Another review has come in on Amazon - this time from someone who liked it but didn't really know what to make of it. She says 'It is so different from any other books I have read.' 

I'd love some more reviews if anyone reading this has read the book.

Have a great Independence Day weekend if you're in the US and you're celebrating.


----------



## HelenSmith (Mar 17, 2010)

I have just had a 4* review for this book on Goodreads calling it 'a witty three-ring circus.'


----------



## DonnaFaz (Dec 5, 2009)

HelenSmith said:


> I have just had a 4* review for this book on Goodreads calling it 'a witty three-ring circus.'


Oooo, how nice, Helen! I want to read it, but I I want to read Alison, first! 

~Donna~


----------



## lonestar (Feb 9, 2010)

Just bought Alison.


----------



## DonnaFaz (Dec 5, 2009)

DonnaFaz said:


> Oooo, how nice, Helen! I want to read it, but I I want to read Alison, first!
> 
> ~Donna~


Well, I'll be! I think I just stammered without realizing it. LOL

~Donna~


----------



## Debra L Martin (Apr 8, 2010)

Helen, I just received my copy of "Being Light" from the Goodreads contest.  I'm so excited to start reading!  

Deb


----------



## 17284 (Jun 24, 2010)

Hi Helen...thought i got a whiff of something pleasant cooking over here - I know u know I don't own a kindle but I do, as of last night, have the kindle apps on my puter. I also went immediately and bought and downloaded three books, two of which are irrelevant for this post and the other is The Miracle Inspector, which u wrote - just in case u've forgotten...To me it sounds like a great premise and I have heard/read many good things about your writing talent. So I'll start with that one and get to Being Light, later on...best to you


----------



## HelenSmith (Mar 17, 2010)

Hey, thanks Donna, Deb, Simon and Lonestar.  Thanks so much for buying the books - to you and to everyone who has bought them.

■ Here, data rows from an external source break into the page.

(* Let $(G,r)$ be a symmetric group, $r(a,b)=({}^ab,a^b)$, with associated left brace $(G,+,\cdot)$. (1) If $(G,r)$ satisfies lri, then the brace satisfies Raut, and $({}^{({}^va)}u)({}^av)=({}^au)({}^{(a^u)}v)$ for all $a,u,v\in G$. (2) Suppose $G=G(X,r_0)$ and $r=r_G$ is the associated symmetric group of a non-degenerate symmetric set $(X,r_0)$ satisfying lri. If the brace $(G,+,\cdot)$ satisfies Raut, then $(G,r)$ satisfies lri. Consequently, for such $(X,r_0)$, $(G,r_G)$ satisfies lri if and only if $(G,+,\cdot)$ satisfies Raut.
   Context: A symmetric set is a pair $(X,r)$, $X$ nonempty, $r(x,y)=({}^xy,x^y)$ a non-degenerate, involutive bijection of $X\times X$ satisfying $r^{12}r^{23}r^{12}=r^{23}r^{12}r^{23}$ on $X^3$. Condition lri on $(X,r)$: $({}^xy)^x=y={}^x(y^x)$ for all $x,y\in X$. $G(X,r_0)$ is the group generated by $X$ with relations $xy=zt$ whenever $r_0(x,y)=(z,t)$. A symmetric group is $(G,r)$, $G$ a group, $r(u,v)=({}^uv,u^v)$ an involutive bijection of $G\times G$ with ${}^a1=1,{}^1u=u,1^u=1,a^1=a$, ${}^{ab}u={}^a({}^bu)$, $a^{uv}=(a^u)^v$, ${}^a(uv)=({}^au)({}^{a^u}v)$, $(ab)^u=(a^{{}^bu})(b^u)$, $uv=({}^uv)(u^v)$; the associated symmetric group of $(X,r_0)$ is $G(X,r_0)$ with the unique such braiding $r_G$ extending $r_0$. The associated left brace has $a+b:=a({}^{a^{-1}}b)$. Condition Raut on the brace: $(a+b)^c=a^c+b^c$ for all $a,b,c\in G$. Condition lri on $(G,r)$: $({}^ab)^a=b={}^a(b^a)$ for all $a,b\in G$. *)

theory Defs
  imports "HOL-Algebra.Group"
begin

text \<open>For r(u,v) = (u-left-acts-on-v, u-right-acted-by-v) we write
  lft r u v for the first component and rgt r u v for the second.\<close>

definition lft :: "('a \<times> 'a \<Rightarrow> 'a \<times> 'a) \<Rightarrow> 'a \<Rightarrow> 'a \<Rightarrow> 'a" where
  "lft r u v = fst (r (u, v))"

definition rgt :: "('a \<times> 'a \<Rightarrow> 'a \<times> 'a) \<Rightarrow> 'a \<Rightarrow> 'a \<Rightarrow> 'a" where
  "rgt r u v = snd (r (u, v))"

definition r12 :: "('a \<times> 'a \<Rightarrow> 'a \<times> 'a) \<Rightarrow> 'a \<times> 'a \<times> 'a \<Rightarrow> 'a \<times> 'a \<times> 'a" where
  "r12 r t = (case t of (x, y, z) \<Rightarrow> (fst (r (x, y)), snd (r (x, y)), z))"

definition r23 :: "('a \<times> 'a \<Rightarrow> 'a \<times> 'a) \<Rightarrow> 'a \<times> 'a \<times> 'a \<Rightarrow> 'a \<times> 'a \<times> 'a" where
  "r23 r t = (case t of (x, y, z) \<Rightarrow> (x, fst (r (y, z)), snd (r (y, z))))"

definition symmetric_set :: "'a set \<Rightarrow> ('a \<times> 'a \<Rightarrow> 'a \<times> 'a) \<Rightarrow> bool" where
  "symmetric_set X r \<longleftrightarrow>
     X \<noteq> {} \<and>
     bij_betw r (X \<times> X) (X \<times> X) \<and>
     (\<forall>p \<in> X \<times> X. r (r p) = p) \<and>
     (\<forall>x \<in> X. bij_betw (\<lambda>y. lft r x y) X X \<and> bij_betw (\<lambda>y. rgt r y x) X X) \<and>
     (\<forall>t \<in> X \<times> X \<times> X. r12 r (r23 r (r12 r t)) = r23 r (r12 r (r23 r t)))"

definition lri_set :: "'a set \<Rightarrow> ('a \<times> 'a \<Rightarrow> 'a \<times> 'a) \<Rightarrow> bool" where
  "lri_set X r \<longleftrightarrow>
     (\<forall>x \<in> X. \<forall>y \<in> X. rgt r (lft r x y) x = y \<and> y = lft r x (rgt r y x))"

definition symmetric_group :: "('g, 'm) monoid_scheme \<Rightarrow> ('g \<times> 'g \<Rightarrow> 'g \<times> 'g) \<Rightarrow> bool" where
  "symmetric_group G r \<longleftrightarrow>
     group G \<and>
     bij_betw r (carrier G \<times> carrier G) (carrier G \<times> carrier G) \<and>
     (\<forall>p \<in> carrier G \<times> carrier G. r (r p) = p) \<and>
     (\<forall>a \<in> carrier G. lft r a \<one>\<^bsub>G\<^esub> = \<one>\<^bsub>G\<^esub> \<and> lft r \<one>\<^bsub>G\<^esub> a = a
        \<and> rgt r \<one>\<^bsub>G\<^esub> a = \<one>\<^bsub>G\<^esub> \<and> rgt r a \<one>\<^bsub>G\<^esub> = a) \<and>
     (\<forall>a \<in> carrier G. \<forall>b \<in> carrier G. \<forall>u \<in> carrier G.
        lft r (a \<otimes>\<^bsub>G\<^esub> b) u = lft r a (lft r b u)) \<and>
     (\<forall>a \<in> carrier G. \<forall>u \<in> carrier G. \<forall>v \<in> carrier G.
        rgt r a (u \<otimes>\<^bsub>G\<^esub> v) = rgt r (rgt r a u) v) \<and>
     (\<forall>a \<in> carrier G. \<forall>u \<in> carrier G. \<forall>v \<in> carrier G.
        lft r a (u \<otimes>\<^bsub>G\<^esub> v) = lft r a u \<otimes>\<^bsub>G\<^esub> lft r (rgt r a u) v) \<and>
     (\<forall>a \<in> carrier G. \<forall>b \<in> carrier G. \<forall>u \<in> carrier G.
        rgt r (a \<otimes>\<^bsub>G\<^esub> b) u = rgt r a (lft r b u) \<otimes>\<^bsub>G\<^esub> rgt r b u) \<and>
     (\<forall>u \<in> carrier G. \<forall>v \<in> carrier G.
        u \<otimes>\<^bsub>G\<^esub> v = lft r u v \<otimes>\<^bsub>G\<^esub> rgt r u v)"

definition brace_add :: "('g, 'm) monoid_scheme \<Rightarrow> ('g \<times> 'g \<Rightarrow> 'g \<times> 'g) \<Rightarrow> 'g \<Rightarrow> 'g \<Rightarrow> 'g" where
  "brace_add G r a b = a \<otimes>\<^bsub>G\<^esub> lft r (inv\<^bsub>G\<^esub> a) b"

definition Raut :: "('g, 'm) monoid_scheme \<Rightarrow> ('g \<times> 'g \<Rightarrow> 'g \<times> 'g) \<Rightarrow> bool" where
  "Raut G r \<longleftrightarrow>
     (\<forall>a \<in> carrier G. \<forall>b \<in> carrier G. \<forall>c \<in> carrier G.
        rgt r (brace_add G r a b) c = brace_add G r (rgt r a c) (rgt r b c))"

definition lri_group :: "('g, 'm) monoid_scheme \<Rightarrow> ('g \<times> 'g \<Rightarrow> 'g \<times> 'g) \<Rightarrow> bool" where
  "lri_group G r \<longleftrightarrow>
     (\<forall>a \<in> carrier G. \<forall>b \<in> carrier G. rgt r (lft r a b) a = b \<and> b = lft r a (rgt r b a))"

text \<open>Words over X and X^-1: a letter (x, True) is x, a letter (x, False) is x^-1.\<close>
type_synonym 'x gword = "('x \<times> bool) list"

definition is_word :: "'x set \<Rightarrow> 'x gword \<Rightarrow> bool" where
  "is_word X w \<longleftrightarrow> fst ` set w \<subseteq> X"

inductive gx_eq :: "'x set \<Rightarrow> ('x \<times> 'x \<Rightarrow> 'x \<times> 'x) \<Rightarrow> 'x gword \<Rightarrow> 'x gword \<Rightarrow> bool"
  for X r0 where
  gx_refl: "is_word X w \<Longrightarrow> gx_eq X r0 w w"
| gx_sym: "gx_eq X r0 u v \<Longrightarrow> gx_eq X r0 v u"
| gx_trans: "gx_eq X r0 u v \<Longrightarrow> gx_eq X r0 v w \<Longrightarrow> gx_eq X r0 u w"
| gx_inv: "x \<in> X \<Longrightarrow> gx_eq X r0 [(x, b), (x, \<not> b)] []"
| gx_rel: "x \<in> X \<Longrightarrow> y \<in> X \<Longrightarrow> r0 (x, y) = (z, t) \<Longrightarrow>
            gx_eq X r0 [(x, True), (y, True)] [(z, True), (t, True)]"
| gx_cong: "gx_eq X r0 u v \<Longrightarrow> is_word X p \<Longrightarrow> is_word X q \<Longrightarrow>
            gx_eq X r0 (p @ u @ q) (p @ v @ q)"

definition gx_class :: "'x set \<Rightarrow> ('x \<times> 'x \<Rightarrow> 'x \<times> 'x) \<Rightarrow> 'x gword \<Rightarrow> 'x gword set" where
  "gx_class X r0 w = {v. gx_eq X r0 w v}"

definition GX :: "'x set \<Rightarrow> ('x \<times> 'x \<Rightarrow> 'x \<times> 'x) \<Rightarrow> 'x gword set monoid" where
  "GX X r0 = \<lparr> carrier = gx_class X r0 ` {w. is_word X w},
              mult = (\<lambda>A B. {v. \<exists>u \<in> A. \<exists>w \<in> B. gx_eq X r0 (u @ w) v}),
              one = gx_class X r0 [] \<rparr>"

definition gx_emb :: "'x set \<Rightarrow> ('x \<times> 'x \<Rightarrow> 'x \<times> 'x) \<Rightarrow> 'x \<Rightarrow> 'x gword set" where
  "gx_emb X r0 x = gx_class X r0 [(x, True)]"

text \<open>r is the braiding r_G of the associated symmetric group: a symmetric-group
  braiding on G(X,r0) extending r0 (such a braiding is unique).\<close>
definition assoc_sym_group_braiding ::
  "'x set \<Rightarrow> ('x \<times> 'x \<Rightarrow> 'x \<times> 'x) \<Rightarrow> ('x gword set \<times> 'x gword set \<Rightarrow> 'x gword set \<times> 'x gword set) \<Rightarrow> bool" where
  "assoc_sym_group_braiding X r0 r \<longleftrightarrow>
     symmetric_group (GX X r0) r \<and>
     (\<forall>x \<in> X. \<forall>y \<in> X. r (gx_emb X r0 x, gx_emb X r0 y) =
        (gx_emb X r0 (fst (r0 (x, y))), gx_emb X r0 (snd (r0 (x, y)))))"

end

theory Submission
  imports Defs "HOL-Algebra.Generated_Groups"
begin

text \<open>Condition lri says exactly that \<open>R b a = L (inv a) b\<close>: the right action of \<open>a\<close> inverts
  its left action. Every \<open>L x\<close> is an automorphism of the additive group of the brace, so lri
  gives Raut, and the identity of part (1) comes from computing \<open>L a (u \<otimes> v) = R (u \<otimes> v) (inv a)\<close>
  in two ways.

  Conversely, assume Raut and let \<open>E\<close> generate \<open>G\<close>, with each \<open>L e\<close> permuting \<open>E\<close> and lri holding
  on \<open>E\<close> (for \<open>G(X, r\<^sub>0)\<close>, \<open>E\<close> is the image of \<open>X\<close>). For \<open>e \<in> E\<close> the map \<open>y \<mapsto> R (L e y) e\<close> is
  additive and fixes every \<open>L b e'\<close> with \<open>e' \<in> E\<close>; since \<open>b \<otimes> e' = b + L b e'\<close>, its fixed points
  are stable under right multiplication by \<open>e'\<close> and \<open>inv e'\<close>, so it is the identity. Finally, the
  \<open>a\<close> with \<open>R (L a y) a = y\<close> for all \<open>y\<close> form a subgroup containing \<open>E\<close>, hence all of \<open>G\<close>.\<close>

locale sym_group =
  fixes G (structure) and r
  assumes symmetric_group: "symmetric_group G r"
begin

sublocale group G
  using symmetric_group by (simp add: symmetric_group_def)

abbreviation L where "L a b \<equiv> lft r a b"
abbreviation R where "R a b \<equiv> rgt r a b"
abbreviation badd where "badd a b \<equiv> brace_add G r a b"

lemma L_closed [simp]: "a \<in> carrier G \<Longrightarrow> b \<in> carrier G \<Longrightarrow> L a b \<in> carrier G"
  and R_closed [simp]: "a \<in> carrier G \<Longrightarrow> b \<in> carrier G \<Longrightarrow> R a b \<in> carrier G"
proof -
  assume "a \<in> carrier G" "b \<in> carrier G"
  moreover have "bij_betw r (carrier G \<times> carrier G) (carrier G \<times> carrier G)"
    using symmetric_group by (simp add: symmetric_group_def)
  ultimately have "r (a, b) \<in> carrier G \<times> carrier G"
    using bij_betwE by blast
  then show "L a b \<in> carrier G" "R a b \<in> carrier G"
    by (auto simp: lft_def rgt_def)
qed
definition triggering_requests :: "'a request list \<Rightarrow> (real \<Rightarrow> nat set \<Rightarrow> nat) \<Rightarrow> 'a list \<Rightarrow> nat set" where
  "triggering_requests \<sigma> sel L0 =
     snd (snd (fold (alg_step \<sigma> sel) (sorted_list_of_set (deadlines \<sigma>)) (L0, {}, {})))"

end

theory Submission
  imports Defs
begin

text \<open>At an event with triggering element at position i, ALG serves every pending request
  at positions up to 2i-1 \<ge> i and then moves only the triggering element to the front, so the
  element of every pending request it leaves unserved keeps its position. A triggering request
  is still unserved at its deadline, hence was pending and unserved at every event between its
  arrival and its deadline, and its element never moved in that interval.\<close>

lemma pos_Cons: "pos (y # ys) e = (if y = e then 1 else Suc (pos ys e))"
  unfolding pos_def by simp

lemma pos_append: "pos (xs @ ys) e = (if e \<in> set xs then pos xs e else length xs + pos ys e)"
  by (induction xs) (auto simp: pos_Cons pos_def)

lemma pos_le_length: "e \<in> set L \<Longrightarrow> pos L e \<le> length L"
  by (induction L) (auto simp: pos_Cons)

lemma nth_pos: "e \<in> set L \<Longrightarrow> L ! (pos L e - 1) = e"
  by (induction L) (auto simp: pos_Cons pos_def)

lemma pos_mtf_behind:
  assumes "distinct L" "x \<in> set L" "pos L x < pos L e"
  shows "pos (mtf L x) e = pos L e"
proof -
  obtain as bs where L: "L = as @ x # bs" using assms(2) split_list by metis
  have x: "x \<notin> set as" "x \<notin> set bs" using assms(1) L by auto
  have "e \<notin> set as"
  proof
    assume "e \<in> set as"
    then have "pos L e \<le> length as" using L pos_le_length by (simp add: pos_append)
    then show False using assms(3) x(1) L by (simp add: pos_append pos_Cons)
  qed
  moreover have "e \<noteq> x" using assms(3) by auto
  moreover have "mtf L x = x # as @ bs"
    using L x by (simp add: mtf_def) (metis (mono_tags) filter_True)
  ultimately show ?thesis using L by (simp add: pos_append pos_Cons)
qed

lemma sorted_list_of_set_Un_less:
  fixes A B :: "'a::linorder set"
  assumes "finite A" "finite B" "\<forall>a\<in>A. \<forall>b\<in>B. a < b"
  shows "sorted_list_of_set (A \<union> B) = sorted_list_of_set A @ sorted_list_of_set B"
proof -
  have "sorted_wrt (<) (sorted_list_of_set A @ sorted_list_of_set B)"
    using assms by (simp add: sorted_wrt_append)
  then show ?thesis
    using assms sorted_list_of_set_unique[of "A \<union> B"]
    by (metis distinct_card set_append strict_sorted_iff
        sorted_list_of_set.set_sorted_key_list_of_set finite_UnI)
qed

definition elements_listed :: "'a request list \<Rightarrow> 'a list \<Rightarrow> bool" where
  "elements_listed \<sigma> L \<longleftrightarrow> (\<forall>k < length \<sigma>. req_elem (\<sigma> ! k) \<in> set L)"
(* Let $D$ be a division ring, $A$ a finitely generated free abelian group, $D * A$ a crossed product, and $M$ a nonzero finitely generated $D * A$-module with $\mathrm{gk}(M)\ge 1$. Let $C<A$ be an infinite cyclic subgroup such that $M$ is $D * C$-torsion, and let $V$ be a carrier space of $\Delta^*(M)$. Then $V^\circ\cap C\neq\langle 1\rangle$.
   Context: A crossed product $D * A$ has $D$-basis $\{\bar a: a\in A\}$ with $\bar a_1\bar a_2=\tau(a_1,a_2)\overline{a_1a_2}$ ($\tau(a_1,a_2)\in D\setminus\{0\}$) and $\bar a d=\sigma_a(d)\bar a$ for automorphisms $\sigma_a$ of $D$. For $X\subseteq A$, $D * X$ is the set of elements whose support lies in $X$. $M$ is $D * C$-torsion if every element is annihilated by a nonzero element of $D * C$; $\mathrm{gk}$ is Gelfand–Kirillov dimension over $D$. Let $A^*=\mathrm{Hom}_{\mathbb Z}(A,\mathbb R)\cong\mathbb R^{\mathrm{rk}(A)}$. For $\phi\in A^*$ put $A(0,\phi)=\{a:\phi(a)\ge0\}$, $A(+,\phi)=\{a:\phi(a)>0\}$. For a finite generating set $\mathcal X$ of $M$, the trailing coefficient module is $TC_\phi(M)=\mathcal X(D * A(0,\phi))/\mathcal X(D * A(+,\phi))$, and $\Delta(M)=\{\phi\in A^*: TC_\phi(M)\neq0\}$ (independent of $\mathcal X$). A point $x$ of a subset $S\subseteq\mathbb R^n$ is regular if some neighborhood of $x$ in $S$ (intersection of $S$ with a ball centred at $x$) is an $m$-ball (intersection of a ball with an $m$-dimensional subspace) and no point of $S$ has this property for a larger $m$. $\Delta^*(M)$ is the Euclidean closure of the set of regular points of $\Delta(M)$; it is a closed rational polyhedron of dimension $\mathrm{gk}(M)$, and its carrier spaces are the linear spans of neighborhoods of its regular points. For a subspace $V\subseteq A^*$, $V^\circ=\{a\in A:\phi(a)=0\ \forall\phi\in V\}$. *)

theory Defs
  imports "HOL-Analysis.Analysis"
begin

text \<open>The free abelian group A of rank n is modelled as int^'n (additive notation);
 elements of the crossed product D*A are finitely supported functions A => D,
 f corresponding to the sum over a of (f a) abar.\<close>

definition fsupp :: "('a::ab_group_add \<Rightarrow> 'd::zero) \<Rightarrow> 'a set" where
  "fsupp f = {a. f a \<noteq> 0}"

definition CP :: "('a::ab_group_add \<Rightarrow> 'd::zero) set" where
  "CP = {f. finite (fsupp f)}"

definition CPon :: "'a::ab_group_add set \<Rightarrow> ('a \<Rightarrow> 'd::zero) set" where
  "CPon X = {f \<in> CP. fsupp f \<subseteq> X}"

definition cp_one :: "'a::ab_group_add \<Rightarrow> 'd::{zero,one}" where
  "cp_one = (\<lambda>a. if a = 0 then 1 else 0)"

text \<open>Multiplication: (d abar)(e bbar) = d sigma_a(e) tau(a,b) (a+b)bar.\<close>
definition cp_mult :: "('a::ab_group_add \<Rightarrow> 'd::division_ring \<Rightarrow> 'd) \<Rightarrow> ('a \<Rightarrow> 'a \<Rightarrow> 'd)
    \<Rightarrow> ('a \<Rightarrow> 'd) \<Rightarrow> ('a \<Rightarrow> 'd) \<Rightarrow> ('a \<Rightarrow> 'd)" where
  "cp_mult \<sigma> \<tau> f g = (\<lambda>c. \<Sum>a\<in>fsupp f. f a * \<sigma> a (g (c - a)) * \<tau> a (c - a))"
section \<open>An element of order divisible by \<open>p + 1\<close>\<close>

text \<open>The field \<open>\<int>\<^sub>p[\<surd>D]\<close>, realised on pairs of residues with the multiplication of \<open>H 1\<close>.\<close>
definition pell_field :: "(int \<times> int) ring" where
  "pell_field =
    \<lparr>carrier = {0..<int p} \<times> {0..<int p}, mult = (\<lambda>a b. mod_pair (int p) (pell_mult D a b)),
     one = (1, 0), zero = (0, 0), add = (\<lambda>a b. mod_pair (int p) (fst a + fst b, snd a + snd b))\<rparr>"

lemma pell_field_simps:
  "carrier pell_field = {0..<int p} \<times> {0..<int p}"
  "a \<otimes>\<^bsub>pell_field\<^esub> b = mod_pair (int p) (pell_mult D a b)"
  "\<one>\<^bsub>pell_field\<^esub> = (1, 0)" "\<zero>\<^bsub>pell_field\<^esub> = (0, 0)"
  "a \<oplus>\<^bsub>pell_field\<^esub> b = mod_pair (int p) (fst a + fst b, snd a + snd b)"
  by (simp_all add: pell_field_def)

lemma cring_pell_field: "cring pell_field"
proof (rule cringI)
  have p: "int p > 0"
    using p_ge_3 by simp
  show "abelian_group pell_field"
  proof (rule abelian_groupI)
    fix a assume "a \<in> carrier pell_field"
    then show "\<zero>\<^bsub>pell_field\<^esub> \<oplus>\<^bsub>pell_field\<^esub> a = a"
      by (auto simp: pell_field_simps mod_pair_def)
    show "\<exists>b \<in> carrier pell_field. b \<oplus>\<^bsub>pell_field\<^esub> a = \<zero>\<^bsub>pell_field\<^esub>"
    proof (rule bexI)
      show "((- fst a) mod int p, (- snd a) mod int p) \<oplus>\<^bsub>pell_field\<^esub> a = \<zero>\<^bsub>pell_field\<^esub>"
        by (simp add: pell_field_simps mod_pair_def mod_add_left_eq)
    qed (use p in \<open>simp add: pell_field_simps\<close>)
  qed (use p in \<open>auto simp: pell_field_simps mod_pair_def mod_simps ac_simps\<close>)
  show "comm_monoid pell_field"
  proof (rule comm_monoidI)
    fix a b c
    show "a \<otimes>\<^bsub>pell_field\<^esub> b \<otimes>\<^bsub>pell_field\<^esub> c = a \<otimes>\<^bsub>pell_field\<^esub> (b \<otimes>\<^bsub>pell_field\<^esub> c)"
      by (simp add: pell_field_simps mod_pair_mult_left mod_pair_mult_right pell_mult_assoc)
    show "a \<otimes>\<^bsub>pell_field\<^esub> b = b \<otimes>\<^bsub>pell_field\<^esub> a"
      by (simp add: pell_field_simps pell_mult_commute)
  qed (use p_ge_3 in \<open>auto simp: pell_field_simps mod_pair_def\<close>)
  fix a b c
  have "mod_pair (int p) (pell_mult D (mod_pair (int p) (fst a + fst b, snd a + snd b)) c)
      = mod_pair (int p) (fst (pell_mult D a c) + fst (pell_mult D b c),
          snd (pell_mult D a c) + snd (pell_mult D b c))"
    by (simp add: mod_pair_mult_left) (simp add: pell_mult_def algebra_simps)
  then show "(a \<oplus>\<^bsub>pell_field\<^esub> b) \<otimes>\<^bsub>pell_field\<^esub> c
      = a \<otimes>\<^bsub>pell_field\<^esub> c \<oplus>\<^bsub>pell_field\<^esub> b \<otimes>\<^bsub>pell_field\<^esub> c"
    by (simp add: pell_field_simps mod_pair_def mod_simps)
qed

lemma not_dvd_pell_norm_if_nonzero:
  assumes "a \<in> carrier pell_field" "a \<noteq> (0, 0)"
  shows "\<not> int p dvd pell_norm D a"
proof
  assume "int p dvd pell_norm D a"
  then have "int p dvd fst a" "int p dvd snd a"
    using dvd_pell_norm_imp_dvd by simp_all
  then show False
    using assms by (auto simp: pell_field_simps prod_eq_iff dest: zdvd_imp_le)
qed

Alison Wonderland and Being Light are funny and quirky.  The Miracle Inspector is much darker. 

I hope you enjoy Alison Wonderland, Lonestar and Donna.

Deb, it really made me laugh when I saw that you were one of the people who had won Being Light over at GoodReads. I'm glad one of the copies went to a friend and fellow author.

Simon, I think you'll like The Miracle Inspector.  I just got a really good 5* review for it over on Amazon.


----------



## Ann in Arlington (Oct 27, 2008)

HI again, Helen. As you know, we like to put the rules in every thread so people always know where to find 'em. . .seems like we missed you in April, so here they are now!

We invite you to use your book cover as your avatar and have links to your book and website in your signature. Don't forget to bookmark this thread (using your browser's bookmark/favorite function) so you can update it. Although self-promotion is limited to the Book Bazaar, most of our authors have found the best way to promote their books is to be as active throughout KindleBoards as time allows. This is your target audience--book lovers with Kindles!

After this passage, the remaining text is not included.